All Products
Search
Document Center

CloudOps Orchestration Service:Create an alert O&M task

Last Updated:Dec 27, 2023

CloudOps Orchestration Service (OOS) supports O&M tasks for threshold-triggered alerts based on metrics of cloud services. An alert O&M task executes the specified template when the specified metric of a monitored cloud service reaches the threshold. An alert O&M task keeps running to listen to the specified alert until you cancel the task. For example, you can configure an alert O&M task to automatically clear the log directory when the disk usage exceeds 80%.

For more information about the supported metrics, see Major metrics of Alibaba Cloud services.

To create an alert O&M task, perform the following steps:

  1. Configure an alert rule.

  2. Select the template to be executed.

  3. Configure the parameters for executing the template.

Configure an alert rule

Parameter

Required

Description

Product type

Yes

The service to be monitored. Select a service from the drop-down list.

Rule description

Yes

The rule for triggering the alert based on the threshold.

Trigger silence cycle

No

The period during which the alert is triggered only once even if the metric value consecutively exceeds the threshold several times. Default value: 24Hours.

Effective From

No

The time period during which the alert rule is effective. By default, the alert rule takes effect all day.

A threshold-triggered alert rule contains the following information:

  • Metric name

  • Aggregation period of monitoring data

  • Number of aggregation periods

  • Statistics collection method

  • Comparison operator

  • Threshold

image

Select the template to be executed

Select the template to be executed when the alert is generated.image

Configure the parameters for executing the template

You can set the Template Parameters parameter to Extract Value from Message Body or Fixed Value. If you select Fixed Value, the template is executed based on the parameter values that you set. If you select Extract Value from Message Body, you can use jQuery expressions to extract values from alert message bodies.

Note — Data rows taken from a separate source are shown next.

(* (i) $\mathbf{co}<_{\mathrm{Learn}}\mathbf{nUs}$ and $\mathbf{co}<^{\mathrm{fin}}_{\mathrm{Learn}}\mathbf{nUs}$; (ii) $\mathbf{nUs}<_{\mathrm{Learn}}E_{range}$ and $\mathbf{nUs}\equiv^{\mathrm{fin}}_{\mathrm{Learn}}E_{range}$; (iii) $\mathbf{nUs}<^{\mathrm{fin}}_{\mathrm{Learn}}\mathbf{Ex}$, and in particular $\mathbf{nUs}<_{\mathrm{Learn}}\mathbf{Ex}$.
   Context: All structures are countable, have domain $\mathbb{N}$, are in a finite relational signature, and are identified with their atomic diagrams (elements of $2^{\mathbb{N}}$). A family of structures $\mathfrak{K}$ is a countable set of pairwise nonisomorphic such structures. $\mathcal{S}\restriction_s$ is the finite substructure on $\{0,\dots,s\}$. $\mathrm{LD}(\mathfrak{K})\subseteq2^{\mathbb{N}}$ is the set of structures with domain $\mathbb{N}$ isomorphic to a member of $\mathfrak{K}$ (subspace topology). The hypothesis space is $\{\ulcorner\mathcal{A}\urcorner:\mathcal{A}\in\mathfrak{K}\}\cup\{?\}$; a learner is an arbitrary function from $\{\mathcal{S}\restriction_s:\mathcal{S}\in\mathrm{LD}(\mathfrak{K})\}$ to the hypothesis space. $\mathbf{Ex}$-learnable: some learner $\mathbf{M}$ such that for each $\mathcal{S}\in\mathrm{LD}(\mathfrak{K})$, $\mathbf{M}(\mathcal{S}\restriction_n)$ is eventually constantly $\ulcorner\mathcal{A}\urcorner$ where $\mathcal{A}\cong\mathcal{S}$. $\mathbf{nUs}$-learnable: some learner $\mathbf{Ex}$-learning $\mathfrak{K}$ such that, on each $\mathcal{S}\cong\mathcal{A}$, once it first outputs $\ulcorner\mathcal{A}\urcorner$ it outputs $\ulcorner\mathcal{A}\urcorner$ at all later stages. $\mathbf{co}$-learnable: some learner $\mathbf{M}$ such that for each $\mathcal{S}\in\mathrm{LD}(\mathfrak{K})$, $\{\mathbf{M}(\mathcal{S}\restriction_s):s\}\setminus\{?\}=\{\ulcorner\mathcal{B}\urcorner:\mathcal{B}\in\mathfrak{K},\mathcal{B}\neq\mathcal{A}\}$ where $\mathcal{A}\cong\mathcal{S}$. For an equivalence relation $E$ on a space $X$, $\mathfrak{K}$ is $E$-learnable if there is a continuous $\Gamma:\mathrm{LD}(\mathfrak{K})\to X$ with $\mathcal{S}\cong\mathcal{S}'\iff\Gamma(\mathcal{S})E\Gamma(\mathcal{S}')$ on $\mathrm{LD}(\mathfrak{K})$. $E_{range}$ on $\mathbb{N}^{\mathbb{N}}$: $p\,E_{range}\,q\iff\{p(m):m\}=\{q(m):m\}$. For criteria $X,Y$: $X\leq_{\mathrm{Learn}}Y$ iff every $X$-learnable family is $Y$-learnable; $X\leq^{\mathrm{fin}}_{\mathrm{Learn}}Y$ iff every finite $X$-learnable family is $Y$-learnable; $<$ means $\leq$ but not $\geq$; $\equiv$ means both $\leq$ and $\geq$. *)

theory Defs
  imports "HOL-Analysis.Analysis"
begin

text \<open>A countable structure with domain nat in a finite relational signature.
  A signature is a list of arities; relation symbol i (i < length sig) has arity sig ! i.
  A structure is given by its relations: R i xs holds iff the tuple xs is in the
  i-th relation. This is (up to a recursive recoding) the atomic diagram, and the
  product topology on nat \<Rightarrow> nat list \<Rightarrow> bool (bool discrete) is the
  Cantor-space topology on atomic diagrams.\<close>

type_synonym struc = "nat \<Rightarrow> nat list \<Rightarrow> bool"
lemma card_blocks_meeting_int_nbhd_le:
  fixes l d :: real and a r :: nat
  assumes "0 < l" and "8 * l \<le> d" and "16 \<le> r * l" and "d \<le> 1 / 2"
  shows "real (card {b. a \<le> b \<and> b < a + r \<and> meets_int_nbhd d (real b * l) ((real b + 1) * l)})
    \<le> 3 * d * r"
proof -
  have "8 * (l * (r * l)) \<le> d * (r * l)"
    using mult_right_mono[of "8 * l" d "r * l"] assms by simp
  moreover have "(2 * d + 1) * (2 * d + 2 * l) \<le> 4 * d + 4 * l"
    using mult_right_mono[of "2 * d + 1" 2 "2 * d + 2 * l"] assms by simp
  moreover have "16 * d \<le> d * (r * l)"
    using mult_left_mono[of 16 "r * l" d] assms by (simp add: mult.commute)
  moreover have "(r * l + 2 * d + 1) * (2 * d + 2 * l)
      = 2 * (d * (r * l)) + 2 * (l * (r * l)) + (2 * d + 1) * (2 * d + 2 * l)"
    by (simp add: algebra_simps)
  ultimately have "(r * l + 2 * d + 1) * (2 * d + 2 * l) \<le> 3 * (d * (r * l))"
    using assms by linarith
  then have "(r * l + 2 * d + 1) * (2 * d / l + 2) \<le> 3 * d * r"
    using assms(1) by (simp add: field_simps)
  then show ?thesis
    using card_blocks_meeting_int_nbhd[of l d a r] assms by linarith
qed
lemma card_right_inversions_at:
  assumes g: "blockwise_decreasing d b c w" and b: "psum b n = d" and c: "psum c n' = d"
    and i: "i \<in> {1..n}" and j: "j \<in> {1..n'}" and a: "a \<in> Blk b i" and wa: "w a \<in> Blk c j"
  shows "card {x \<in> {1..d}. a < x \<and> w x < w a}
    = msGL n (psi n n' b c w) (i + 1) j + card {x \<in> Blk b i. a < x}"
proof -
  have w: "w permutes {1..d}" using g by (rule blockwise_decreasing_permutes)
  let ?U = "\<Union>i'\<in>{i + 1..n}. \<Union>j'\<in>{1..j}. {x \<in> Blk b i'. w x \<in> Blk c j'}"
  have iff: "a < x \<and> w x < w a \<longleftrightarrow> (i < i' \<and> j' \<le> j) \<or> (i' = i \<and> a < x)"
    if "x \<in> Blk b i'" "w x \<in> Blk c j'" "i' \<le> n" for x i' j'
    using blockwise_decreasing_inversion_iff[OF g b a wa _ that] i by auto
  have blocks: "\<exists>i'\<in>{1..n}. \<exists>j'\<in>{1..n'}. x \<in> Blk b i' \<and> w x \<in> Blk c j'" if "x \<in> {1..d}" for x
    using Blk_cover[of x b n] Blk_cover[of "w x" c n'] permutes_in_interval[OF w that] that b c by auto
  have "{x \<in> {1..d}. a < x \<and> w x < w a} = ?U \<union> {x \<in> Blk b i. a < x}"
  proof (intro set_eqI iffI)
    fix x assume x: "x \<in> {x \<in> {1..d}. a < x \<and> w x < w a}"
    with blocks obtain i' j' where "i' \<in> {1..n}" "j' \<in> {1..n'}" "x \<in> Blk b i'" "w x \<in> Blk c j'" by blast
    with x iff show "x \<in> ?U \<union> {x \<in> Blk b i. a < x}" by auto
  next
    fix x assume x: "x \<in> ?U \<union> {x \<in> Blk b i. a < x}"
    then have "x \<in> {1..d}"
    proof
      assume "x \<in> ?U"
      then obtain i' where "i' \<in> {i + 1..n}" "x \<in> Blk b i'" by blast
      moreover from this have "i' \<le> n" by simp
      ultimately show ?thesis using Blk_subset[of i' n b] b by blast
    qed (use Blk_subset[of i n b] i b in auto)
    with blocks obtain i' j' where "i' \<in> {1..n}" "j' \<in> {1..n'}" "x \<in> Blk b i'" "w x \<in> Blk c j'" by blast
    with x iff \<open>x \<in> {1..d}\<close> show "x \<in> {x \<in> {1..d}. a < x \<and> w x < w a}"
      by (auto dest: Blk_unique)
  qed
  moreover have "?U \<inter> {x \<in> Blk b i. a < x} = {}" by (auto dest: Blk_unique)
  moreover have "card ?U = msGL n (psi n n' b c w) (i + 1) j"
    unfolding msGL_def using i j by (intro card_UN_blocks[OF w]) auto
  ultimately show ?thesis by (simp add: card_Un_disjoint)
qed

lemma card_Blk_less_plus_greater:
  assumes a: "a \<in> Blk b i"
  shows "card {x \<in> Blk b i. x < a} + card {x \<in> Blk b i. a < x} = b i - 1"
proof -
  have "Blk b i - {a} = {x \<in> Blk b i. x < a} \<union> {x \<in> Blk b i. a < x}" by auto
  then have "card (Blk b i - {a}) = card {x \<in> Blk b i. x < a} + card {x \<in> Blk b i. a < x}"
    by (simp add: card_Un_disjoint disjoint_iff)
  with a card_Blk mem_BlkD[OF a] show ?thesis by simp
qed
(* Let $P\in W^{(l)}\setminus\{0\}$ and let $(\rho_1,\sigma_1)>(\rho_2,\sigma_2)$ be consecutive elements of $\overline{\mathrm{Val}}(P)$ (no element of $\overline{\mathrm{Val}}(P)$ lies strictly between them). Let $(\rho,\sigma)\in\mathfrak V$. (1) If $(\rho_1,\sigma_1)\in\mathrm{Val}(P)$ and $(\rho_1,\sigma_1)>(\rho,\sigma)\ge(\rho_2,\sigma_2)$, then $\mathrm{Succ}_{\rho,\sigma}(P)$ is defined and equals $(\rho_1,\sigma_1)$. (2) If $(\rho_2,\sigma_2)\in\mathrm{Val}(P)$ and $(\rho_1,\sigma_1)\ge(\rho,\sigma)>(\rho_2,\sigma_2)$, then $\mathrm{Pred}_{\rho,\sigma}(P)$ is defined and equals $(\rho_2,\sigma_2)$. (3) If $(\rho_1,\sigma_1)>(\rho,\sigma)>(\rho_2,\sigma_2)$, then $\{\mathrm{st}_{\rho_1,\sigma_1}(P)\}=\mathrm{Supp}(\ell_{\rho,\sigma}(P))=\{\mathrm{en}_{\rho_2,\sigma_2}(P)\}$.
   Context: $K$ is a field of characteristic zero, $l\in\mathbb{N}$. $W^{(l)}$ is the associative $K$-algebra with $K$-basis $\{X^{i/l}Y^j:i\in\mathbb{Z},j\in\mathbb{N}_0\}$, powers of $X$ multiplying as Laurent monomials and $[Y,X^\alpha]=\alpha X^{\alpha-1}$. $\Psi^{(l)}(X^{i/l}Y^j)=x^{i/l}y^j\in K[x^{\pm1/l},y]$; supports are sets of exponents with nonzero coefficient. $\overline{\mathfrak V}=\{(\rho,\sigma)\in\mathbb{Z}^2:\gcd(\rho,\sigma)=1,\rho+\sigma\ge0\}$, $\mathfrak V$ the subset with $\rho+\sigma>0$; $v_{\rho,\sigma}(a,b)=\rho a+\sigma b$. For $P\ne0$: $v_{\rho,\sigma}(P)=\max_{\mathrm{Supp}(P)}v_{\rho,\sigma}$; $\ell_{\rho,\sigma}(P)$ = sum of terms of $\Psi^{(l)}(P)$ attaining it. $\mathrm{st}_{\rho,\sigma}(P)$: among points $(a,b)\in\mathrm{Supp}(\ell_{\rho,\sigma}(P))$ maximizing $a-b$, the one with largest $a$; $\mathrm{en}_{\rho,\sigma}(P)$: among those maximizing $b-a$, the one with largest $b$. $\mathrm{Val}(P)=\{(\rho,\sigma)\in\mathfrak V:\#\mathrm{Supp}(\ell_{\rho,\sigma}(P))>1\}$, $\overline{\mathrm{Val}}(P)=\mathrm{Val}(P)\cup\{(1,-1),(-1,1)\}$. Total order on $\overline{\mathfrak V}$: $(1,-1)<(\rho,\sigma)<(-1,1)$ for $(\rho,\sigma)\in\mathfrak V$, and on $\mathfrak V$, $(\rho_1,\sigma_1)\le(\rho,\sigma)$ iff $\rho_1\sigma-\sigma_1\rho\ge0$. For $(c,d)\in\frac1l\mathbb{Z}\times\mathbb{Z}$ not a multiple of $(1,1)$, $\mathrm{val}(c,d)$ is the unique $(\rho',\sigma')\in\mathfrak V$ with $\rho'c+\sigma'd=0$. For $(\rho,\sigma)\in\mathfrak V$ put $\mathrm{en}=\mathrm{en}_{\rho,\sigma}(P)$, $\mathrm{st}=\mathrm{st}_{\rho,\sigma}(P)$, $\mathrm{Valsup}=\{\mathrm{val}((a,b)-\mathrm{en}):(a,b)\in\mathrm{Supp}(P),\ v_{-1,1}(a,b)>v_{-1,1}(\mathrm{en})\}$, $\mathrm{Valinf}=\{\mathrm{val}((a,b)-\mathrm{st}):(a,b)\in\mathrm{Supp}(P),\ v_{1,-1}(a,b)>v_{1,-1}(\mathrm{st})\}$; $\mathrm{Succ}_{\rho,\sigma}(P):=\min\mathrm{Valsup}$ (defined when $\mathrm{Valsup}\ne\emptyset$) and $\mathrm{Pred}_{\rho,\sigma}(P):=\max\mathrm{Valinf}$ (defined when $\mathrm{Valinf}\ne\emptyset$). *)

theory Defs
  imports Main "HOL.Rat"
begin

To extract values from alert message bodies, use jQuery expressions in the $.Parameter name format. For example, the following content indicates an alert message for the Host.cpu.total metric of an Elastic Compute Service (ECS) instance:

{
    "Average": 50.15,
    "Maximum": 50.75,
    "Minimum": 49.75,
    "curLevel": "INFO",
    "instanceId": "i-bp1gn7od******qh5r12",
    "ruleName": "alarmtrigger-130920******0047-exec-de81413d******71b537",
    "timestamp": 1575970560000,
    "userId": "130920******0047"
}

To obtain the ID of the instance for which the alert is triggered, use the following expression: $.instanceId.

The following table describes the parameters that can be extracted from alert message bodies.

Expression

Description

Example

$.timestamp

The timestamp when the alert was triggered. Unit: milliseconds.

1575970560000

$.curLevel

The level of the alert.

INFO

$.userId

The ID of the Alibaba Cloud account.

130920**0047

$.dimensionFieldName

OK indicates that the alert has been cleared. The dimension of the metric. Replace dimensionFieldName in the expression with the parameter name of the metric dimension. For example, the CPU utilization of ECS instances is monitored based on the instance ID. You can use the $.instanceId expression to extract the instance ID from alert message bodies. For more information, see the dimensions for metrics in Major metrics of Alibaba Cloud services.

N/A

The following figure shows an example of extracting values from an alert message body.

image.png

You can also set fixed parameter values for executing the template. The method is similar to that for regular templates.